To have percentages on the bars, in the code below I use package scales.

Note that it seems to me that you do not want densities, to have
percentages,  the proportions of counts are given by any of

Under the default of equal width bins -- which is what Sturges gives

Right.

if I read the docs correctly -- since the densities sum to 1,

The "densities" do not sum to 1. From ?hist, section Value:

density 
values f^(x[i]), as estimated density values.
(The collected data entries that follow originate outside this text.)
lemma admissible_extension_covering_Domain:
  fixes x :: "'d::finite \<Rightarrow> real^'k"
  assumes "free_vecs x"
    and "baire_measurable_in torus_top A" "baire_measurable_in torus_top B"
    and "Ai \<subseteq> A" "baire_measurable_in torus_top Ai" "sparse x (r + 4 * M) Ai"
    and "baire_matching x M M0" "extendable x M A B M0"
  shows "\<exists>M1. admissible_extension x M A B r M0 M1 \<and> Ai \<subseteq> Domain M1"
proof -
  obtain P where "is_perfect_matching x M A B P" "M0 \<subseteq> P"
    using assms(8) unfolding extendable_def by blast
  then interpret one_sided_step x M A B Ai M0 P
    using assms(1-7) by unfold_locales
  have "M0 \<union> new_edges - M0 = new_edges"
    using new_edge_props unfolding new_edges_def A0_def by blast
  then show ?thesis
    unfolding admissible_extension_def
    using is_matching_new_edges[OF assms(6)] baire_matching_new_edges Ai_subset_Domain
      new_edges_separated[OF assms(6)] extendable_insert_new_edge
    by (intro exI[of _ "M0 \<union> new_edges"]) auto
qed

lemma admissible_extension_converse:
  fixes x :: "'d::finite \<Rightarrow> real^'k"
  assumes free: "free_vecs x" and "A \<subseteq> torus" "B \<subseteq> torus"
    and ext: "admissible_extension x M B A r (converse M0) M1"
  shows "admissible_extension x M A B r M0 (converse M1)"
proof -
  have M1: "is_matching x M B A M1" and "converse M0 \<subseteq> M1" and "baire_matching x M M1"
    and sep: "\<forall>u\<in>torus. \<forall>p\<in>edge_section x (M1 - converse M0) u. \<forall>q\<in>edge_section x (M1 - converse M0) u.
        p \<noteq> q \<longrightarrow> (\<forall>s\<in>{fst p, snd p}. \<forall>t\<in>{fst q, snd q}. linf_dist s t > int (r + 2 * M))"
    and ext_new: "\<forall>e\<in>M1 - converse M0. extendable x M B A (insert e (converse M0))"
    using ext unfolding admissible_extension_def by simp_all
  have diff: "converse M1 - M0 = converse (M1 - converse M0)"
    by blast
  have "extendable x M A B (insert (a, b) M0)" if "(a, b) \<in> converse M1 - M0" for a b
  proof -
    have "(b, a) \<in> M1 - converse M0"
      using that by simp
    then have "extendable x M B A (insert (b, a) (converse M0))"
      using ext_new by blast
    moreover have "insert (b, a) (converse M0) = converse (insert (a, b) M0)"
      by auto
    ultimately have "extendable x M B A (converse (insert (a, b) M0))"
      by simp
    then show ?thesis
      using extendable_converse by fastforce
  qed
  moreover have "int (r + 2 * M) < linf_dist s t"
    if u: "u \<in> torus" and pq_sec: "p \<in> edge_section x (converse M1 - M0) u" "q \<in> edge_section x (converse M1 - M0) u"
      and pq: "p \<noteq> q" "s \<in> {fst p, snd p}" "t \<in> {fst q, snd q}" for u p q s t
  proof -
    obtain p' q' where p': "p' \<in> edge_section x (M1 - converse M0) u" "p = (snd p', fst p')"
      and q': "q' \<in> edge_section x (M1 - converse M0) u" "q = (snd q', fst q')"
      using pq_sec unfolding diff edge_section_converse by auto
    have "p' \<noteq> q'" "s \<in> {fst p', snd p'}" "t \<in> {fst q', snd q'}"
      using pq p'(2) q'(2) by auto
    then show ?thesis
      using sep u p'(1) q'(1) by blast
  qed
  ultimately show ?thesis
    using \<open>converse M0 \<subseteq> M1\<close> is_matching_converse[OF M1]
      baire_matching_converse[OF free \<open>baire_matching x M M1\<close> M1 assms(3,2)]
    unfolding admissible_extension_def by auto
qed

lemma admissible_extension_covering_Range:
  fixes x :: "'d::finite \<Rightarrow> real^'k"
  assumes free: "free_vecs x"
    and A_bm: "baire_measurable_in torus_top A" and B_bm: "baire_measurable_in torus_top B"
    and "Bi \<subseteq> B" "baire_measurable_in torus_top Bi" "sparse x (r + 4 * M) Bi"
    and M0_bm: "baire_matching x M M0" and M0_ext: "extendable x M A B M0"
  shows "\<exists>M1. admissible_extension x M A B r M0 M1 \<and> Bi \<subseteq> Range M1"
proof -
  have "A \<subseteq> torus" "B \<subseteq> torus"
    using A_bm B_bm by (simp_all add: baire_measurable_in_torus_subset)
  moreover have "baire_matching x M (converse M0)"
    using M0_ext \<open>A \<subseteq> torus\<close> \<open>B \<subseteq> torus\<close> unfolding extendable_def
    by (blast intro: baire_matching_converse[OF free M0_bm])
  ultimately obtain M1 where "admissible_extension x M B A r (converse M0) M1" "Bi \<subseteq> Domain M1"
    using admissible_extension_covering_Domain[OF free B_bm A_bm assms(4-6) _ extendable_converse[OF M0_ext]]
    by blast
  then have "admissible_extension x M A B r M0 (converse M1)" "Bi \<subseteq> Range (converse M1)"
    using admissible_extension_converse[OF free \<open>A \<subseteq> torus\<close> \<open>B \<subseteq> torus\<close>] by simp_all
  then show ?thesis
    by blast
qed

theorem lemma5p1:
  fixes x :: "'d::finite \<Rightarrow> real^'k"
    and M r :: nat
    and A B Ai Bi :: "(real^'k) set"
    and M0 :: "((real^'k) \<times> (real^'k)) set"
  assumes x_torus: "\<forall>j. x j \<in> torus"
    and x_free: "free_vecs x"
    and M_pos: "M \<ge> 1"
    and A_bm: "baire_measurable_in torus_top A"
    and B_bm: "baire_measurable_in torus_top B"
    and Ai_sub: "Ai \<subseteq> A" and Bi_sub: "Bi \<subseteq> B"
    and Ai_bm: "baire_measurable_in torus_top Ai"
    and Bi_bm: "baire_measurable_in torus_top Bi"
    and one_empty: "Ai = {} \<or> Bi = {}"
    and sparse: "sparse x (r + 4 * M) (Ai \<union> Bi)"
    and M0_bm: "baire_matching x M M0"
    and M0_ext: "extendable x M A B M0"
  shows "\<exists>M1. M0 \<subseteq> M1 \<and> is_matching x M A B M1 \<and> baire_matching x M M1
    \<and> Ai \<subseteq> Domain M1 \<and> Bi \<subseteq> Range M1
    \<and> (\<forall>u\<in>torus. \<forall>p\<in>edge_section x (M1 - M0) u. \<forall>q\<in>edge_section x (M1 - M0) u.
          p \<noteq> q \<longrightarrow> (\<forall>s\<in>{fst p, snd p}. \<forall>t\<in>{fst q, snd q}. linf_dist s t > int (r + 2 * M)))
    \<and> (\<forall>e\<in>M1 - M0. extendable x M A B (insert e M0))"
proof -
  have "\<exists>M1. admissible_extension x M A B r M0 M1 \<and> Ai \<subseteq> Domain M1 \<and> Bi \<subseteq> Range M1"
    using one_empty
  proof
    assume "Ai = {}"
    then show ?thesis
      using sparse admissible_extension_covering_Range[OF x_free A_bm B_bm Bi_sub Bi_bm _ M0_bm M0_ext]
      by simp
  next
    assume "Bi = {}"
    then show ?thesis
      using sparse admissible_extension_covering_Domain[OF x_free A_bm B_bm Ai_sub Ai_bm _ M0_bm M0_ext]
      by simp
  qed
  then obtain M1 where "admissible_extension x M A B r M0 M1" "Ai \<subseteq> Domain M1" "Bi \<subseteq> Range M1"
    by blast
  then show ?thesis
    unfolding admissible_extension_def by (intro exI[of _ M1]) (elim conjE; intro conjI; assumption)
qed

end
If all(diff(breaks) == 1), they are the relative frequencies counts/n and in general satisfy
sum[i; f^(x[i]) (b[i+1]-b[i])] = 1, where b[i] = breaks[i].


If all(diff(breaks) == 1) is FALSE, the density list member must be multiplied by diff(.$breaks)


h <- hist(datasetregs$Amount, plot = FALSE)
sum(h$density)
#[1] 1e-04
diff(h$breaks)
#[1] 10000 10000 10000 10000 10000 10000 10000 10000 10000 10000
sum(h$density*diff(h$breaks))
#[1] 1


Hope this helps,

Rui Barradas

they are
already the proportion of counts in each histogram bin, no?

-- Bert



h$counts/sum(h$counts)
h$density*diff(h$breaks)



# One histogram for all dates
h <- hist(datasetregs$Amount, plot = FALSE)
plot(h, labels = scales::percent(h$counts/sum(h$counts)),
       ylim = c(0, 1.1*max(h$counts)))



# Histograms by date
sp <- split(datasetregs, datasetregs$Date)
old_par <- par(mfrow = c(1, 3))
h_list <- lapply(seq_along(sp), function(i){
    hist_title <- paste("Histogram of", names(sp)[i])
    h <- hist(sp[[i]]$Amount, plot = FALSE)
    plot(h, main = hist_title, xlab = "Amount",
         labels = scales::percent(h$counts/sum(h$counts)),
         ylim = c(0, 1.1*max(h$counts)))
})
par(old_par)


Hope this helps,

Rui Barradas

Às 01:49 de 17/08/21, Bert Gunter escreveu:
I may well misunderstand, but proffered solutions seem more complicated
than necessary.
Note that the return of hist() can be saved as a list of class "histogram"
and then plotted with  plot.histogram(), which already has a "labels"
argument that seems to be what you want. A simple example is"

dat <- runif(50, 0, 10)
myhist <- hist(dat, freq = TRUE, breaks ="Sturges")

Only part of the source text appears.